Ancak şimdi işler iyiye gitmeye başlayınca, çeşitli riskler de göz ardı ediliyor. Bu da doğru değil. Zaman zaman arkaya bakıp duygusallıktan uzak bir muhasebe yapmakta yarar var. Aksi takdirde sıkıntılarla karşılaştığımızda gecikmiş olabiliriz. Bu kesinlikle şeytanın avukatlığı sayılmamalı. Çünkü şeytanın avukatlığı belli olumsuzluklar varsayıldığında karşı tarafın savunmasının ölçülmesidir. Oysa biz gerçek riskleri yansıtmalıyız...

Ağır bir kriz atlattık. Uygulamada birkaç hata dışında, genel olarak doğru strateji uygulanıyor. Hükümetin performansı da takdir edilmemeli. İsteyerek veya kerhen, bilerek veya acz içinde olduklarından IMF'nin önlerine koyduğu her reformu gerçekleştirdiler. Üstelik IMF'nin önümüze her koyduğu doğru olsaydı, geçen kriz yaşanmazdı. Buna rağmen irade gösterildi. Özellikle kamu sektörünün reformu ile bankalara çekidüzen verilmesi konusunda ciddi çabalar gözlendi.
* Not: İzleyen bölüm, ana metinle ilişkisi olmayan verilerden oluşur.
(*
  We show
  escalier Xi' = A' by proving both inclusions, and then use that the escalier is
  antitone in the point set (a larger set has a smaller vanishing ideal).

  * escalier Xi' \<subseteq> A': if (i,j) \<notin> A', then every point (x k, y l) of Xi' has k < i or
    l < j, so the product (X - x 0)...(X - x (i-1)) (Y - y 0)...(Y - y (j-1)) vanishes
    on Xi'.  All its monomials divide x^i y^j, hence its leading monomial is (i,j).
  * A' \<subseteq> escalier Xi': suppose p vanishes on Xi' with leading monomial (a,b) dividing
    some element of A'; then (a,b) \<in> A'.  Since x 0, ..., x a are distinct there are
    weights c with \<Sum>k c k * x k ^ s = [s = a] for s \<le> a (the top divided difference),
    similarly d for y.  The functional \<Sum>k\<Sum>l c k * d l * p(x k, y l) vanishes (all nodes
    lie in Xi'), but evaluates to the leading coefficient of p, since every other
    monomial of p has x-degree < a or y-degree < b.
*)

lemma term_orderD:
  assumes "term_order le"
  shows to_refl: "le a a"
    and to_antisym: "le a b \<Longrightarrow> le b a \<Longrightarrow> a = b"
    and to_trans: "le a b \<Longrightarrow> le b c \<Longrightarrow> le a c"
    and to_total: "le a b \<or> le b a"
    and to_zero: "le (0,0) a"
    and to_mono: "le (a1,a2) (b1,b2) \<Longrightarrow> le (a1+c1, a2+c2) (b1+c1, b2+c2)"
  using assms unfolding term_order_def by blast+

lemma mon_dvd_imp_le:
  assumes "term_order le" "mon_dvd a b"
  shows "le a b"
proof -
  obtain a1 a2 b1 b2 where ab: "a = (a1,a2)" "b = (b1,b2)" by (cases a, cases b)
  have "le (0,0) (b1-a1, b2-a2)" using assms(1) by (rule to_zero)
  then have "le (0+a1, 0+a2) (b1-a1+a1, b2-a2+a2)" by (rule to_mono[OF assms(1)])
  then show ?thesis using assms(2) ab by (simp add: mon_dvd_def)
qed

lemma term_order_max_exists:
  assumes "term_order le" "finite S" "S \<noteq> {}"
  shows "\<exists>m\<in>S. \<forall>k\<in>S. le k m"
  using assms(2,3)
proof (induction S rule: finite_ne_induct)
  case (singleton x)
  then show ?case using to_refl[OF assms(1)] by simp
next
  case (insert x F)
  then obtain m where m: "m \<in> F" "\<forall>k\<in>F. le k m" by blast
  show ?case
  proof (cases "le x m")
    case True
    then show ?thesis using m by auto
  next
    case False
    then have "le m x" using to_total[OF assms(1)] by blast
    then have "\<forall>k\<in>insert x F. le k x"
      using m to_refl[OF assms(1)] to_trans[OF assms(1)] by blast
    then show ?thesis by blast
  qed
qed

lemma lead_mon_eqI:
  assumes "term_order le" "m \<in> Poly_Mapping.keys p" "\<forall>k\<in>Poly_Mapping.keys p. le k m"
  shows "lead_mon le p = m"
  unfolding lead_mon_def
proof (rule the_equality)
  show "m \<in> Poly_Mapping.keys p \<and> (\<forall>k\<in>Poly_Mapping.keys p. le k m)" using assms by blast
next
  fix m' assume "m' \<in> Poly_Mapping.keys p \<and> (\<forall>k\<in>Poly_Mapping.keys p. le k m')"
  then show "m' = m" using assms to_antisym[OF assms(1), of m' m] by blast
qed

lemma lead_mon_max:
  assumes "term_order le" "p \<noteq> 0"
  shows "lead_mon le p \<in> Poly_Mapping.keys p"
    and "k \<in> Poly_Mapping.keys p \<Longrightarrow> le k (lead_mon le p)"
proof -
  obtain m where m: "m \<in> Poly_Mapping.keys p" "\<forall>k\<in>Poly_Mapping.keys p. le k m"
    using term_order_max_exists[OF assms(1), of "Poly_Mapping.keys p"] assms(2) by auto
  then have "lead_mon le p = m" by (rule lead_mon_eqI[OF assms(1)])
  then show "lead_mon le p \<in> Poly_Mapping.keys p" "k \<in> Poly_Mapping.keys p \<Longrightarrow> le k (lead_mon le p)"
    using m by auto
qed

text \<open>Induction on n, removing the node x 0 by synthetic division.\<close>
lemma divided_difference_exists:
  fixes x :: "nat \<Rightarrow> 'a::field"
  shows "inj_on x {..n} \<Longrightarrow>
    \<exists>c. \<forall>f. degree f \<le> n \<longrightarrow> (\<Sum>k\<le>n. c k * poly f (x k)) = coeff f n"
proof (induction n arbitrary: x)
  case 0
  show ?case
  proof (intro exI[of _ "\<lambda>_. 1"] allI impI)
    fix f :: "'a poly" assume "degree f \<le> 0"
    then show "(\<Sum>k\<le>0. 1 * poly f (x k)) = coeff f 0"
      by (simp add: poly_altdef)
  qed
next
  case (Suc n)
  let ?x' = "\<lambda>k. x (Suc k)"
  have "inj_on ?x' {..n}" using Suc.prems by (auto simp: inj_on_def)
  then obtain c' where c': "\<And>f. degree f \<le> n \<Longrightarrow> (\<Sum>k\<le>n. c' k * poly f (?x' k)) = coeff f n"
    using Suc.IH by blast
  have nodes_distinct: "x (Suc k) - x 0 \<noteq> 0" if "k \<le> n" for k
    using Suc.prems that by (auto simp: inj_on_def)
  define c where "c = (\<lambda>k. case k of 0 \<Rightarrow> - (\<Sum>k\<le>n. c' k / (x (Suc k) - x 0))
      | Suc k \<Rightarrow> c' k / (x (Suc k) - x 0))"
  show ?case
  proof (intro exI[of _ c] allI impI)
    fix f :: "'a poly" assume df: "degree f \<le> Suc n"
    define q where "q = synthetic_div f (x 0)"
    have f_eq: "[:-(x 0), 1:] * q + [:poly f (x 0):] = f"
      unfolding q_def by (rule synthetic_div_correct')
    have dq: "degree q \<le> n" unfolding q_def using df by (simp add: degree_synthetic_div)
    have "coeff f (Suc n) = coeff ([:-(x 0), 1:] * q + [:poly f (x 0):]) (Suc n)"
      using f_eq by simp
    also have "\<dots> = coeff q n - x 0 * coeff q (Suc n)"
      by (simp add: mult_pCons_left coeff_pCons)
    also have "coeff q (Suc n) = 0" using dq by (simp add: coeff_eq_0)
    finally have top_coeff: "coeff f (Suc n) = coeff q n" by simp
    have poly_q: "poly q (x (Suc k)) = (poly f (x (Suc k)) - poly f (x 0)) / (x (Suc k) - x 0)"
      if "k \<le> n" for k
    proof -
      have "poly f (x (Suc k)) = (x (Suc k) - x 0) * poly q (x (Suc k)) + poly f (x 0)"
        by (subst f_eq[symmetric]) (simp add: algebra_simps)
      then show ?thesis using nodes_distinct[OF that] by (simp add: field_simps)
    qed
    have "(\<Sum>k\<le>Suc n. c k * poly f (x k))
        = c 0 * poly f (x 0) + (\<Sum>k\<le>n. c (Suc k) * poly f (x (Suc k)))"
      by (subst sum.atMost_Suc_shift) simp
    also have "\<dots> = (\<Sum>k\<le>n. c' k * ((poly f (x (Suc k)) - poly f (x 0)) / (x (Suc k) - x 0)))"
      by (simp add: c_def sum_distrib_right sum_subtractf diff_divide_distrib
          right_diff_distrib algebra_simps sum_distrib_left)
    also have "\<dots> = (\<Sum>k\<le>n. c' k * poly q (?x' k))"
      by (rule sum.cong) (auto simp: poly_q)
    also have "\<dots> = coeff f (Suc n)" using c'[OF dq] top_coeff by simp
    finally show "(\<Sum>k\<le>Suc n. c k * poly f (x k)) = coeff f (Suc n)" .
  qed
qed

lemma power_dual_weights:
  fixes x :: "nat \<Rightarrow> 'a::field"
  assumes "inj_on x {..n}"
  shows "\<exists>c. \<forall>s\<le>n. (\<Sum>k\<le>n. c k * x k ^ s) = (if s = n then 1 else 0)"
proof -
  obtain c where c: "\<And>f. degree f \<le> n \<Longrightarrow> (\<Sum>k\<le>n. c k * poly f (x k)) = coeff f n"
    using divided_difference_exists[OF assms] by blast
  show ?thesis
  proof (intro exI[of _ c] allI impI)
    fix s assume "s \<le> n"
    then have "degree (monom (1::'a) s) \<le> n" by (simp add: degree_monom_eq)
    from c[OF this] show "(\<Sum>k\<le>n. c k * x k ^ s) = (if s = n then 1 else 0)"
      by (simp add: poly_monom)
  qed
qed

text \<open>The product f(X) g(Y) of two univariate polynomials as a bivariate polynomial.\<close>
definition bip :: "'a::comm_ring_1 poly \<Rightarrow> 'a poly \<Rightarrow> 'a bipoly" where
  "bip f g = Abs_poly_mapping (\<lambda>(a,b). coeff f a * coeff g b)"

lemma lookup_bip: "Poly_Mapping.lookup (bip f g) = (\<lambda>(a,b). coeff f a * coeff g b)"
proof -
  have "{m. (\<lambda>(a,b). coeff f a * coeff g b) m \<noteq> 0} \<subseteq> {..degree f} \<times> {..degree g}"
    by (auto intro: le_degree)
  then have "finite {m. (\<lambda>(a,b). coeff f a * coeff g b) m \<noteq> 0}"
    by (rule finite_subset) simp
  then show ?thesis unfolding bip_def by simp
qed

lemma keys_bip: "Poly_Mapping.keys (bip f g) \<subseteq> {..degree f} \<times> {..degree g}"
  by (auto simp: in_keys_iff lookup_bip intro: le_degree)

lemma bi_eval_bip: "bi_eval (bip f g) (u,v) = poly f u * poly g v"
proof -
  have "bi_eval (bip f g) (u,v) = (\<Sum>m\<in>{..degree f} \<times> {..degree g}.
      Poly_Mapping.lookup (bip f g) m * u ^ fst m * v ^ snd m)"
    unfolding bi_eval_def fst_conv snd_conv
    by (rule sum.mono_neutral_left) (auto simp: keys_bip in_keys_iff)
  also have "\<dots> = (\<Sum>a\<le>degree f. \<Sum>b\<le>degree g. (coeff f a * u ^ a) * (coeff g b * v ^ b))"
    by (subst sum.cartesian_product) (simp add: lookup_bip mult_ac case_prod_beta)
  also have "\<dots> = poly f u * poly g v"
    by (simp add: poly_altdef sum_product)
  finally show ?thesis .
qed

lemma grid_functional_bi_eval:
  fixes p :: "'a::comm_ring_1 bipoly"
  shows "(\<Sum>k\<in>K. \<Sum>l\<in>L. c k * d l * bi_eval p (x k, y l))
    = (\<Sum>m\<in>Poly_Mapping.keys p. Poly_Mapping.lookup p m
          * (\<Sum>k\<in>K. c k * x k ^ fst m) * (\<Sum>l\<in>L. d l * y l ^ snd m))"
proof -
  have "(\<Sum>k\<in>K. \<Sum>l\<in>L. c k * d l * bi_eval p (x k, y l))
      = (\<Sum>k\<in>K. \<Sum>l\<in>L. \<Sum>m\<in>Poly_Mapping.keys p.
           Poly_Mapping.lookup p m * (c k * x k ^ fst m) * (d l * y l ^ snd m))"
    unfolding bi_eval_def fst_conv snd_conv sum_distrib_left
    by (intro sum.cong refl) (simp add: mult_ac)
  also have "\<dots> = (\<Sum>m\<in>Poly_Mapping.keys p. \<Sum>k\<in>K. \<Sum>l\<in>L.
           Poly_Mapping.lookup p m * (c k * x k ^ fst m) * (d l * y l ^ snd m))"
    by (subst sum.swap, subst (2) sum.swap) simp
  also have "\<dots> = (\<Sum>m\<in>Poly_Mapping.keys p. Poly_Mapping.lookup p m
          * (\<Sum>k\<in>K. c k * x k ^ fst m) * (\<Sum>l\<in>L. d l * y l ^ snd m))"
  proof (rule sum.cong[OF refl])
    fix m
    have "Poly_Mapping.lookup p m * (\<Sum>k\<in>K. c k * x k ^ fst m) * (\<Sum>l\<in>L. d l * y l ^ snd m)
        = (\<Sum>k\<in>K. Poly_Mapping.lookup p m * (c k * x k ^ fst m)) * (\<Sum>l\<in>L. d l * y l ^ snd m)"
      by (simp only: sum_distrib_left)
    also have "\<dots> = (\<Sum>k\<in>K. \<Sum>l\<in>L. Poly_Mapping.lookup p m * (c k * x k ^ fst m) * (d l * y l ^ snd m))"
      by (rule sum_product)
    finally show "(\<Sum>k\<in>K. \<Sum>l\<in>L. Poly_Mapping.lookup p m * (c k * x k ^ fst m) * (d l * y l ^ snd m))
        = Poly_Mapping.lookup p m * (\<Sum>k\<in>K. c k * x k ^ fst m) * (\<Sum>l\<in>L. d l * y l ^ snd m)" ..
  qed
  finally show ?thesis .
qed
Ama hala yetersizlikler gözleniyor.
Şu anda yapılanlar, geçen programı çökerten etmenlerini telafi ediyor. Elbette kamu alanında ve bankacılık sektöründe reformlar son derece önemli. Büyük yararları var. Oysa şimdi artık farklı bir noktadayız. Kura dayalı bir istikrar programını terk ettik. Uyguladığımız yeni programın daha başarılı olması için başka önlemleri ele almalıyız.
Kamu kesiminde açıkların
ortadan kaldırılması bir ölçüde halloldu. Kalıcı olması için ise bireylerde ve siyasi yapıda anlayış değişikliği gerekiyor. Bankalar konusuna gelince... Sermayesini yitirmiş bankalara borç vermek gerekiyor. Fakat bu yeterli olmayacaktır. Çünkü şu anda bankalar para kazanmıyorlar. Bu konuda cesur adımlar hala gözlenmiyor. Birleşmeleri özendirmek (!) gerek. Kamu bankalarının gecelik borç piyasalarından çıkması çok olumlu. Ancak onların da reel sektörü kredilendirmeye geçmeleri gerekiyor.

Şu anda uygulanan program ihracat öncü büyümedir. IMF'den gelen para iç borcun ucuz dönmesini sağlayacak, düşen faizler de büyümeye elverecektir. Kamu dengelerinde ödün verilmediğinden iç talep canlı olmayacak ve dalgalı kurla birlikte ihracat artacaktır. İhracat artışı da büyümeyi destekleyen ikinci etmen olacaktır.
Ancak hızla büyümeye geçilmezse, dengeler değişebilir. Aralık ayı ihracatı düşmüştür. Durgunluk da had safhadadır. Üstelik ekonomi yönetimin demeçlerinden anlaşıldığı kadarıyla enflasyon büyüme hedefinin önüne geçmiştir. En azından Merkez Bankası bunu açıkça ifade etmektedir. Aslında sıralama doğrudur. Sürdürebilir büyüme için enflasyonun düşmesi gerekmektedir. Ancak ikinci bir yıl yaşanacak bir durgunluğun toplumsal maliyeti de göz ardı edilmemelidir.
Özetle, büyümeyi de telafi edecek politikalar hızla devreye sokulmadığı takdirde riskler artacaktır.